On the project page, specify the label folder URI as /shared or /shared/sub-dir if your labeling files are in a subdirectory. All other Document Intelligence Sample Labeling Tool behavior is the same as the hosted service.
Is there a best practice for scaling up?
Yes.
For asynchronous calls, you can run multiple containers with shared storage. The container that's processing the POST
analyze call stores the output in the storage. Then, any other container can fetch the results from the storage and serve the GET
calls. The request ID isn't tied to a container.
For synchronous calls, you can run multiple containers, but only one container serves a request. Because it's a blocking call, any container from the pool can serve the request and send the response. Here, only one container is tied to a request at a time, and no polling is required.
Can I set up containers with shared storage?
Yes.
The containers use the Mounts: Shared
property while starting up for specifying the shared storage to store the processing files. To see the use of this property, refer to the containers documentation.
Security and privacy
Does Document Intelligence store my data?
Yes, briefly.
For all features, Document Intelligence temporarily stores data and results in Azure Storage in the same region as the request. Your data is then deleted within 24 hours from the time that you submit an analyze request.

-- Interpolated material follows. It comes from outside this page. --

(* Let $X$ be a quasi-Polish space and $E$ an equivalence relation on $X$ such that the $E$-saturation of every open set $U\subseteq X$ is open. Define $x\preccurlyeq_E y$ iff $x\in\overline{[y]_E}$, and $x\approx_E y$ iff $x\preccurlyeq_E y$ and $y\preccurlyeq_E x$. Then the $T_0$-quotient $X/\!/E$ of the quotient space $X/E$ is a quasi-Polish space; the projection $p:X\to X/\!/E$ is continuous and open with kernel $x\approx_E y\iff\overline{[x]_E}=\overline{[y]_E}$ (so $X/\!/E$ may be identified with $X/{\approx_E}$); the specialization order of $X/\!/E$ is given by $[x]_{\approx_E}\le[y]_{\approx_E}\iff x\in\overline{[y]_E}$; and $p$ has a Borel section, i.e. $\approx_E$ has a Borel selector.
   Context: A quasi-Polish space is a topological space homeomorphic to a $\mathbf\Pi^0_2$ subset of $\mathbb S^{\mathbb N}$, where $\mathbb S=\{0<1\}$ is the Sierpiński space ($\{1\}$ open, $\{0\}$ not open), and $\mathbf\Pi^0_2$ means a countable intersection of sets of the form $U\cup F$ with $U$ open and $F$ closed. The specialization preorder of a space is $x\lesssim y\iff x\in\overline{\{y\}}$; the $T_0$-quotient identifies points with the same closure (i.e. equivalent under the symmetric part of this preorder), with the quotient topology. Quasi-Polish spaces carry a standard Borel structure. *)

theory Defs
  imports "HOL-Analysis.Analysis"
begin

For trained custom models, the interim outputs after analysis and labeling are stored in the same Azure Storage location where you store your training data. The trained custom models are stored in Azure Storage in the same region, and are logically isolated with your Azure subscription and API credentials.
More help and support
Are there other resources available to provide solutions to Azure AI Document Intelligence questions?
Yes.
Microsoft Q & A is the home for technical questions and answers at Microsoft. You can filter queries that are specific to Document Intelligence.
Can I provide direct feedback if the service doesn't recognize specific text, or recognizes it incorrectly, when I'm labeling documents?
Yes.
We continually update and improve the Document Intelligence models. You can email the Document Intelligence team. If possible, share a sample document with the issue highlighted.